Why would an issuer choose to use a Universal RD?
First, this Universal RD regime should speed up the process of preparing a prospectus and should lower the economic burden of issuers by facilitating access to capital markets in a cost-effective way. Thus, issuers can prepare a Universal RD without the pressure of drafting a prospectus in a very limited timeframe for a specific transaction where the issuer incurs considerable costs for third-party advisors.
In case of a Universal RD, the issuer may take its time during the year to prepare such a document. Only if it decides to carry out a transaction will it then acquire resources for the additional workload, which will be fewer, since it already has the Universal RD prepared. Thus, the issuer can keep relevant information up-to-date and can have the whole documentation readily available when market conditions become favourable for an offer or an admission to trading just by adding a securities' note and a summary to the Universal RD.

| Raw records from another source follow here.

(* The class of locally strongly sober spaces is projective, and so is the class of strongly sober spaces. That is: if $(p_{ij}\colon X_j\to X_i)_{i\sqsubseteq j\in I}$ is a projective system of topological spaces in which every $X_i$ is locally strongly sober (resp. strongly sober), then every projective limit of this system, taken in the category of topological spaces and continuous maps, is locally strongly sober (resp. strongly sober).
   Context: A projective system of topological spaces consists of a directed preordered set $(I,\sqsubseteq)$ (non-empty, any two elements have an upper bound), topological spaces $X_i$ ($i\in I$) and continuous maps $p_{ij}\colon X_j\to X_i$ for $i\sqsubseteq j$ with $p_{ii}=\mathrm{id}$ and $p_{ij}\circ p_{jk}=p_{ik}$. Its projective limit is its categorical limit in the category of topological spaces; canonically it is the subspace $\{\vec x\in\prod_{i\in I}X_i \mid p_{ij}(x_j)=x_i \text{ for all } i\sqsubseteq j\}$ of the product, with the coordinate projections. A class of spaces is projective if projective limits of projective systems of spaces in the class are in the class. The specialization preorder of a space is $x\le y$ iff every open neighbourhood of $x$ contains $y$; $\downarrow x$ denotes the set of points below $x$ (the closure of $\{x\}$). A space $X$ is locally strongly sober if for every convergent ultrafilter $\mathcal U$ on $X$, the set $\lim\mathcal U$ of its limits equals $\downarrow x$ for a unique point $x$; it is strongly sober if this holds for every ultrafilter $\mathcal U$ on $X$ (equivalently, $X$ is locally strongly sober and compact). Compactness assumes no separation axiom. *)

theory Defs
  imports "HOL-Analysis.Analysis"
begin

text \<open>An ultrafilter on the set S, represented as a filter on the ambient type
  that contains S: proper, contains S, and for every subset either it or its
  complement belongs to the filter.\<close>
definition ultrafilter_on :: "'a set \<Rightarrow> 'a filter \<Rightarrow> bool" where
  "ultrafilter_on S F \<longleftrightarrow> F \<noteq> bot \<and> eventually (\<lambda>x. x \<in> S) F \<and>
     (\<forall>P. eventually P F \<or> eventually (\<lambda>x. \<not> P x) F)"

definition lims :: "'a topology \<Rightarrow> 'a filter \<Rightarrow> 'a set" where
  "lims X F = {x. limitin X id x F}"

definition spec_le :: "'a topology \<Rightarrow> 'a \<Rightarrow> 'a \<Rightarrow> bool" where
  "spec_le X x y \<longleftrightarrow> x \<in> topspace X \<and> y \<in> topspace X \<and>
     (\<forall>U. openin X U \<and> x \<in> U \<longrightarrow> y \<in> U)"

definition down :: "'a topology \<Rightarrow> 'a \<Rightarrow> 'a set" where
  "down X x = {y. spec_le X y x}"

definition locally_strongly_sober :: "'a topology \<Rightarrow> bool" where
  "locally_strongly_sober X \<longleftrightarrow>
     (\<forall>U. ultrafilter_on (topspace X) U \<and> lims X U \<noteq> {} \<longrightarrow>
        (\<exists>!x. x \<in> topspace X \<and> lims X U = down X x))"
definition smooth_on :: "complex set \<Rightarrow> (complex \<Rightarrow> 'a::real_normed_vector) \<Rightarrow> bool" where
  "smooth_on U g \<longleftrightarrow> open U \<and> (\<forall>k. Ck_on k U g)"

definition smooth_closed_disk :: "(complex \<Rightarrow> 'a::real_normed_vector) \<Rightarrow> bool" where
  "smooth_closed_disk f \<longleftrightarrow> (\<exists>U g. open U \<and> cball 0 1 \<subseteq> U \<and> smooth_on U g \<and>
      (\<forall>z\<in>cball 0 1. g z = f z))"

definition Phi :: "complex \<Rightarrow> complex" where
  "Phi z = 2 * z / complex_of_real (1 + (cmod z)^2)"

definition xH :: "complex \<Rightarrow> real" where
  "xH z = (1 - (cmod z)^2) / (1 + (cmod z)^2)"

definition dE :: "complex \<Rightarrow> real" where
  "dE z = 1 - (cmod z)^2"

definition muH :: "real \<Rightarrow> real" where
  "muH a = 1 / sqrt (1 + a^2)"

definition geod :: "real \<Rightarrow> real \<Rightarrow> real \<Rightarrow> complex" where
  "geod \<beta> a t = exp (\<i> * of_real \<beta>) *
     (((2 + \<i> * of_real a) * of_real (tanh (t/2)) + \<i> * of_real a) /
      (\<i> * of_real a * of_real (tanh (t/2)) - 2 + \<i> * of_real a))"

definition I0H :: "(complex \<Rightarrow> complex) \<Rightarrow> real \<Rightarrow> real \<Rightarrow> complex" where
  "I0H h \<beta> a = integral UNIV (\<lambda>t. h (geod \<beta> a t))"

definition fanE :: "real \<Rightarrow> real \<Rightarrow> real \<Rightarrow> complex" where
  "fanE \<beta> \<alpha> u = exp (\<i> * of_real (\<beta> + \<alpha> + pi)) * (of_real u + \<i> * of_real (sin \<alpha>))"

definition I0E :: "(complex \<Rightarrow> complex) \<Rightarrow> real \<Rightarrow> real \<Rightarrow> complex" where
  "I0E g \<beta> \<alpha> = integral {- cos \<alpha> .. cos \<alpha>} (\<lambda>u. g (fanE \<beta> \<alpha> u))"

end

(*
  Phi maps the hyperbolic geodesic with parameters (beta, a) onto the Euclidean chord with
  fan-beam coordinates (beta, alpha), alpha = arctan a, and traverses it as
  u = cos alpha * tanh (t - ln (cos alpha)).  Since d o Phi = x^2 and d = cos alpha^2 - u^2 on
  the chord, the hyperbolic weight x^(2+2 gamma) along the geodesic is cos alpha times the
  Jacobian du/dt times d^gamma, so this substitution turns the hyperbolic integral into
  cos alpha = mu_H a times the Euclidean one.  Integrability of d^gamma f on the chord is a
  Beta integral, which is where gamma > -1 is needed.
*)
theory Submission
  imports Defs
begin

lemma tanh_half_real: "tanh (t / 2) = (exp t - 1) / (exp t + 1)" for t :: real
proof -
  have "exp (t / 2) ^ 2 = exp t" by (simp flip: exp_of_nat_mult)
  then show ?thesis using tanh_ln_real[of "exp (t / 2)"] by simp
qed
lemma bessel_inequality:
  assumes "finite I" and "orthonormal_family I u"
  shows "(\<Sum>i\<in>I. (c \<bullet> u i)\<^sup>2) \<le> c \<bullet> c"
proof -
  define p where "p = (\<Sum>i\<in>I. (c \<bullet> u i) *\<^sub>R u i)"
  have "u i \<bullet> p = c \<bullet> u i" if "i \<in> I" for i
  proof -
    have "u i \<bullet> p = (\<Sum>j\<in>I. if j = i then c \<bullet> u j else 0)"
      unfolding p_def inner_sum_right
      using assms(2) that by (intro sum.cong) (auto simp: orthonormal_family_def)
    with assms(1) that show ?thesis by simp
  qed
  then have "p \<bullet> p = (\<Sum>i\<in>I. (c \<bullet> u i)\<^sup>2)"
    by (simp add: p_def inner_sum_left power2_eq_square)
  moreover have "c \<bullet> p = (\<Sum>i\<in>I. (c \<bullet> u i)\<^sup>2)"
    by (simp add: p_def inner_sum_right power2_eq_square)
  moreover have "0 \<le> (c - p) \<bullet> (c - p)" by simp
  ultimately show ?thesis by (simp add: inner_diff_left inner_diff_right inner_commute)
qed

lemma weighted_sum_le_top_sum:
  fixes w d :: "'n::finite \<Rightarrow> real"
  assumes w: "\<And>m. 0 \<le> w m" "\<And>m. w m \<le> 1" "(\<Sum>m\<in>UNIV. w m) = real (card K)"
    and top: "\<And>a b. a \<in> K \<Longrightarrow> b \<notin> K \<Longrightarrow> d b \<le> d a"
  shows "(\<Sum>m\<in>UNIV. d m * w m) \<le> (\<Sum>m\<in>K. d m)"
proof (cases "K = {}")
  case True
  with w show ?thesis by (simp add: sum_nonneg_eq_0_iff)
next
  case False
  define c where "c = Min (d ` K)"
  have above: "c \<le> d a" if "a \<in> K" for a using that by (simp add: c_def)
  have below: "d b \<le> c" if "b \<notin> K" for b
    using top[OF _ that] Min_in[of "d ` K"] False by (auto simp: c_def)
  have split: "(\<Sum>m\<in>UNIV. f m) = (\<Sum>m\<in>K. f m) + (\<Sum>m\<in>-K. f m)" for f :: "'n \<Rightarrow> real"
    using sum.subset_diff[of K UNIV f] by (simp add: Compl_eq_Diff_UNIV)
  have "(\<Sum>m\<in>UNIV. d m * w m) - (\<Sum>m\<in>K. d m) = (\<Sum>m\<in>K. d m * (w m - 1)) + (\<Sum>m\<in>-K. d m * w m)"
    by (simp add: split[of "\<lambda>m. d m * w m"] sum_subtractf algebra_simps)
  also have "\<dots> \<le> (\<Sum>m\<in>K. c * (w m - 1)) + (\<Sum>m\<in>-K. c * w m)"
    using above below w by (intro add_mono sum_mono) (auto simp: mult_right_mono_neg mult_right_mono)
  also have "\<dots> = c * ((\<Sum>m\<in>UNIV. w m) - real (card K))"
    by (simp add: split[of w] sum_subtractf sum_distrib_left algebra_simps)
  finally show ?thesis using w(3) by simp
qed

lemma ky_fan_upper_bound:
  fixes U :: "real^'n^'n" and u :: "'i \<Rightarrow> real^'n"
  assumes U: "orthogonal_matrix U" and A: "A = U ** Diag d ** transpose U"
    and I: "finite I" "orthonormal_family I u" "card I = card K"
    and top: "\<And>a b. a \<in> K \<Longrightarrow> b \<notin> K \<Longrightarrow> d $ b \<le> d $ a"
  shows "(\<Sum>i\<in>I. u i \<bullet> (A *v u i)) \<le> (\<Sum>m\<in>K. d $ m)"
proof -
  define w where "w m = (\<Sum>i\<in>I. (column m U \<bullet> u i)\<^sup>2)" for m
  have "(\<Sum>i\<in>I. u i \<bullet> (A *v u i)) = (\<Sum>m\<in>UNIV. d $ m * w m)"
    unfolding A quadratic_form_diagonalization w_def sum_distrib_left by (rule sum.swap)
  also have "\<dots> \<le> (\<Sum>m\<in>K. d $ m)"
  proof (rule weighted_sum_le_top_sum[where d = "\<lambda>m. d $ m"])
    show "0 \<le> w m" for m by (simp add: w_def sum_nonneg)
    show "w m \<le> 1" for m
      using bessel_inequality[OF I(1,2), of "column m U"] orthogonal_matrix_columns_orthonormal[OF U, of UNIV]
      by (simp add: w_def orthonormal_family_def)
    have "(\<Sum>m\<in>UNIV. w m) = (\<Sum>i\<in>I. (transpose U *v u i) \<bullet> (transpose U *v u i))"
      unfolding w_def inner_vec_def transpose_matrix_vector_component power2_eq_square inner_real_def
      by (rule sum.swap)
    also have "\<dots> = (\<Sum>i\<in>I. 1)"
      using I(2) by (intro sum.cong)
        (auto simp: orthogonal_matrix_transpose_inner[OF U] orthonormal_family_def
          simp del: transpose_matrix_vector)
    finally show "(\<Sum>m\<in>UNIV. w m) = real (card K)" using I(3) by simp
  qed (rule top)
  finally show ?thesis .
qed

lemma ky_fan_attained:
  fixes U :: "real^'n^'n"
  assumes U: "orthogonal_matrix U" and A: "A = U ** Diag d ** transpose U"
  shows "column i U \<bullet> (A *v column i U) = d $ i"
  using orthogonal_matrix_columns_orthonormal[OF U, of UNIV]
  by (simp add: A quadratic_form_diagonalization orthonormal_family_def if_distrib[of "\<lambda>x. x\<^sup>2"]
      if_distrib[of "\<lambda>x. _ * x"] cong: if_cong)

definition down_closed :: "'a::order set \<Rightarrow> bool" where
  "down_closed K \<longleftrightarrow> (\<forall>a\<in>K. \<forall>b. b \<le> a \<longrightarrow> b \<in> K)"

lemma down_closed_atMost: "down_closed {..j}"
  and down_closed_lessThan: "down_closed {..<j}"
  by (auto simp: down_closed_def)

lemma nonincreasing_down_closed_le:
  assumes "nonincreasing d" "down_closed K" "a \<in> K" "b \<notin> K"
  shows "d $ b \<le> d $ a"
  using assms unfolding nonincreasing_def down_closed_def by (meson linear)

Also, issuers who prepare a Universal RD are expected to benefit (at least in theory) from a faster approval process, since a substantial part of a prospectus has either already been approved or is already available for review by the competent authority in the form of a Universal RD.
In addition, the Universal RD should act as a valuable reference source on the issuer, because it would offer investors additional information to make an informed judgment on the respective issuer's situation. This additional current disclosure will also be attractive to analysts, thus giving the issuer an upper hand in valuation and market image.

The issuers' view
"The universal registration document saves time and money. If the issuer has in place a universal registration document, it means that 80% of a rights' issue legal documentation is prepared upfront and ready to use when needed. Consequently it is easier for an issuer to make use of the capital markets opportunities. " – said Mihai Marcu, the founder and CEO of MedLife, Romania's largest private healthcare services provider. MedLife shares have been listed on the Bucharest Stock Exchange ("BVB") since 2016, when the company carried out the biggest IPO of a private company on the BVB to date.